Your objective
In the entries below, find each line with the word "ballI" and return it.

···

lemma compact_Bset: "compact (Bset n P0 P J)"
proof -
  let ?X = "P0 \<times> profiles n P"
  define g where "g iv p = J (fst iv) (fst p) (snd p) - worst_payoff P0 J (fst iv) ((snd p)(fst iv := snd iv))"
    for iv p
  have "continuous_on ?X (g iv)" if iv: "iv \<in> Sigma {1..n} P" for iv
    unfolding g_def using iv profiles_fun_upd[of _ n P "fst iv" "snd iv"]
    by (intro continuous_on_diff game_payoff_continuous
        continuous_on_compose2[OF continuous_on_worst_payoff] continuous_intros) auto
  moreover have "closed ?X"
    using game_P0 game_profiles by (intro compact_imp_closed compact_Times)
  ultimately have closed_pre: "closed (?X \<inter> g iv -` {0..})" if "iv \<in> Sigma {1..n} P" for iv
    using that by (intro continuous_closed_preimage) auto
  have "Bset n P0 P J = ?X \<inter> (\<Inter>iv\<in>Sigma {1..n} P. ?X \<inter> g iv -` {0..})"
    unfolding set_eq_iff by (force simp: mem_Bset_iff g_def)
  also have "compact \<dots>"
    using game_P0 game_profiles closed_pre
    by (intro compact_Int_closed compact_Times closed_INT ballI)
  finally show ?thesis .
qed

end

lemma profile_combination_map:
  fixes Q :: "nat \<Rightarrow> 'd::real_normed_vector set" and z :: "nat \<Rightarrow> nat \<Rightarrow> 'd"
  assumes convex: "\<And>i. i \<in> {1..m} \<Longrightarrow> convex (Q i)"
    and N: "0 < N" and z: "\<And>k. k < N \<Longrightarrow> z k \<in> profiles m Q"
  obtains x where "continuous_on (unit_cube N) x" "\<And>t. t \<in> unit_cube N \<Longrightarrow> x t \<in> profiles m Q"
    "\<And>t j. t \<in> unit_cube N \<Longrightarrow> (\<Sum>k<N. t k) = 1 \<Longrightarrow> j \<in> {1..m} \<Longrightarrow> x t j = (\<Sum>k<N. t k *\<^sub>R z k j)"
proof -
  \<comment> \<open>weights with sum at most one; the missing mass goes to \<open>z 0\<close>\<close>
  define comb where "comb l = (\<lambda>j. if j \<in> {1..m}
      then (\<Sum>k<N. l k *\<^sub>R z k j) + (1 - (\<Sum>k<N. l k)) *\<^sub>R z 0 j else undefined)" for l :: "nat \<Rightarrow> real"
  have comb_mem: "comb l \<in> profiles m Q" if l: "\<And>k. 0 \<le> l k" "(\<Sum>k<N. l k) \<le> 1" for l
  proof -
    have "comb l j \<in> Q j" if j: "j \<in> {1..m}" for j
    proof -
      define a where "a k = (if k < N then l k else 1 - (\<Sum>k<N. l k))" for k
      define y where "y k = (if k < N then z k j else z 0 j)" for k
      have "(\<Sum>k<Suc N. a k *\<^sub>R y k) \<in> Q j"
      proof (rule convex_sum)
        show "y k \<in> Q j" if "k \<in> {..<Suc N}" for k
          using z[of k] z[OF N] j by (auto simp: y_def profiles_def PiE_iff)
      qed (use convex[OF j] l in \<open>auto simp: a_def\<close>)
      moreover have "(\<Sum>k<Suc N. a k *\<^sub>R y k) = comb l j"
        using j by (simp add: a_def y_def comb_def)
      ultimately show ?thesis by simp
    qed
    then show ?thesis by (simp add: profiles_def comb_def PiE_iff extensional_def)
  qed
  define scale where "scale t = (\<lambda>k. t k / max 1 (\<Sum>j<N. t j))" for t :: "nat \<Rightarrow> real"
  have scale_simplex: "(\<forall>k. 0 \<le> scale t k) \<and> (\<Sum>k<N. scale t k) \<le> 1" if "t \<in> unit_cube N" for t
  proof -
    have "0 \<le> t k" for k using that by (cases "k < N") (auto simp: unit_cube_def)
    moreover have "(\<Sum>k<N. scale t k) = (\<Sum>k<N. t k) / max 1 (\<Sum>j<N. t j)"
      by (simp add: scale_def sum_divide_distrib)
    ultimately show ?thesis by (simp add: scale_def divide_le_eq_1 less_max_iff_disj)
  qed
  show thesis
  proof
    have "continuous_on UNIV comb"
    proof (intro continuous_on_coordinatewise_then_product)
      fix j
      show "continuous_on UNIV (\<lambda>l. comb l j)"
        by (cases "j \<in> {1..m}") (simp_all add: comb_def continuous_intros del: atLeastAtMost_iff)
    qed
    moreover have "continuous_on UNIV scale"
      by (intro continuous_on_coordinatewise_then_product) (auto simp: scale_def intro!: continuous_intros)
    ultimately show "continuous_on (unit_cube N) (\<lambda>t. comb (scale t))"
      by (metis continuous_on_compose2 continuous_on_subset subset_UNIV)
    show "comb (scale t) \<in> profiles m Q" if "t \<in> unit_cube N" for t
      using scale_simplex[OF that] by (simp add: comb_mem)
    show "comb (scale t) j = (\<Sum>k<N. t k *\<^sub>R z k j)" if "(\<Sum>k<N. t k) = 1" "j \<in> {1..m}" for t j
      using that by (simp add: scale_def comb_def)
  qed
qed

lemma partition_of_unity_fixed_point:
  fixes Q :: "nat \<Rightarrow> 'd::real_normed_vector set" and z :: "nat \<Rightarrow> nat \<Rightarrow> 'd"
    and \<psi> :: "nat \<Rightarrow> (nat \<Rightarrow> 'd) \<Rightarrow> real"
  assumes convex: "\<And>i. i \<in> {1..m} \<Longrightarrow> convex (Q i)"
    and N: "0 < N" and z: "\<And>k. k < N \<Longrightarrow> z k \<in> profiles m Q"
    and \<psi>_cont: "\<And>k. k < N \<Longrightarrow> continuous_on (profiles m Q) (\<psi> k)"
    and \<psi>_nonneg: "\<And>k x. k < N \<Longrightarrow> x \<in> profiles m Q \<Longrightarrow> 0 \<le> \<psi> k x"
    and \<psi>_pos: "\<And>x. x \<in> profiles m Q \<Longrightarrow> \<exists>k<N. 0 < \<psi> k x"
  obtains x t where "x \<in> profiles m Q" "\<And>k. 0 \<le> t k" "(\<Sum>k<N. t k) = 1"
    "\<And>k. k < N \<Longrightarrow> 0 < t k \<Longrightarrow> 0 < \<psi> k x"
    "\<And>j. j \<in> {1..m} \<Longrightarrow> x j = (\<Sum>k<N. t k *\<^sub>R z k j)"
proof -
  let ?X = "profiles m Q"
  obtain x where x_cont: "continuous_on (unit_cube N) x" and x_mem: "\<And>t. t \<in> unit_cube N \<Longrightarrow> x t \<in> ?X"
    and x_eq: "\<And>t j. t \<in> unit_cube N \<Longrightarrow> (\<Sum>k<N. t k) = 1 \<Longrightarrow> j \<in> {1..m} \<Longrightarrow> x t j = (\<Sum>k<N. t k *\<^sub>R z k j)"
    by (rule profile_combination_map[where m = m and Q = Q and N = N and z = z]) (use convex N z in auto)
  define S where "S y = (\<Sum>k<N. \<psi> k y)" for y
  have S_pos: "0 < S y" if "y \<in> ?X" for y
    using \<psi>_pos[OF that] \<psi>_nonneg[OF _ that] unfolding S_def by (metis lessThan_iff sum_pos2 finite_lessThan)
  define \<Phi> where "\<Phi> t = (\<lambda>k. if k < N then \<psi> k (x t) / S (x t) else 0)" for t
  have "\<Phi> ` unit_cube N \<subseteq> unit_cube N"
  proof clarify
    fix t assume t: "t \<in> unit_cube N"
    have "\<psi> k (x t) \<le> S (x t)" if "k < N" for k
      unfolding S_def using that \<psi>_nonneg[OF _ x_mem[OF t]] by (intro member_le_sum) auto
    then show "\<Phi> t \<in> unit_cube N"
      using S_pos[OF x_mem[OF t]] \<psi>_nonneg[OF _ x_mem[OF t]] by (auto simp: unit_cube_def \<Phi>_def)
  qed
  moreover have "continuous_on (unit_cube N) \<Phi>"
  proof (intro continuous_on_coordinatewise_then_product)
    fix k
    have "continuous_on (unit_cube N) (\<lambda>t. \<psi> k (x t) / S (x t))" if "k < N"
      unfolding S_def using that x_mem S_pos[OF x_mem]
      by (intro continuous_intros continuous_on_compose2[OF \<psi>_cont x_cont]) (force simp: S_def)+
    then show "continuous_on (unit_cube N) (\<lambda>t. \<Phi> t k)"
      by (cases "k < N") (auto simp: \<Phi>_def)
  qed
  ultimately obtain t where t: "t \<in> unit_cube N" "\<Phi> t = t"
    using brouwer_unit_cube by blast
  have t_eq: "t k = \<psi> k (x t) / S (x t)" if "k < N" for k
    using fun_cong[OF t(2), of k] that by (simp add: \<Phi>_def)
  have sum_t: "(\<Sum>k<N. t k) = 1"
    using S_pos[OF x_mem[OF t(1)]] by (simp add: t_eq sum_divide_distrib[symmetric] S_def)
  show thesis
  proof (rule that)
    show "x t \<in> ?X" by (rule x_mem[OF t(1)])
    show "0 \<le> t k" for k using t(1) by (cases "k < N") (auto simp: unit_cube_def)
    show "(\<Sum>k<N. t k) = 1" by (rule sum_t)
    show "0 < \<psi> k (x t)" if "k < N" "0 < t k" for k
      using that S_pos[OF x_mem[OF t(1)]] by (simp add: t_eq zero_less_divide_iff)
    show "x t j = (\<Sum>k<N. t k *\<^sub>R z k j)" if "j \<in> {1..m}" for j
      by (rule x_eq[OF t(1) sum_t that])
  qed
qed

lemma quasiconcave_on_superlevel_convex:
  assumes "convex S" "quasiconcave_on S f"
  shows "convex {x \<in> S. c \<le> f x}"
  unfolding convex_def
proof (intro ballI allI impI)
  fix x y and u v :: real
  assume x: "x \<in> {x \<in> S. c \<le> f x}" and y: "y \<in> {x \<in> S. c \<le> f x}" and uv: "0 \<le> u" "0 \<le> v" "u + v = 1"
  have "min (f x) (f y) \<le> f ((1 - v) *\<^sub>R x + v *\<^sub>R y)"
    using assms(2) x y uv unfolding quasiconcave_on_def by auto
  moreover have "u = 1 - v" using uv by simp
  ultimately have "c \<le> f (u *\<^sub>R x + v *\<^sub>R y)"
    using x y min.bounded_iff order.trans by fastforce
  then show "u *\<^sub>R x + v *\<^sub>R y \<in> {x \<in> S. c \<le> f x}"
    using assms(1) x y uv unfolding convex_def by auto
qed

···

Expected output
    by (intro compact_Int_closed compact_Times closed_INT ballI)
proof (intro ballI allI impI)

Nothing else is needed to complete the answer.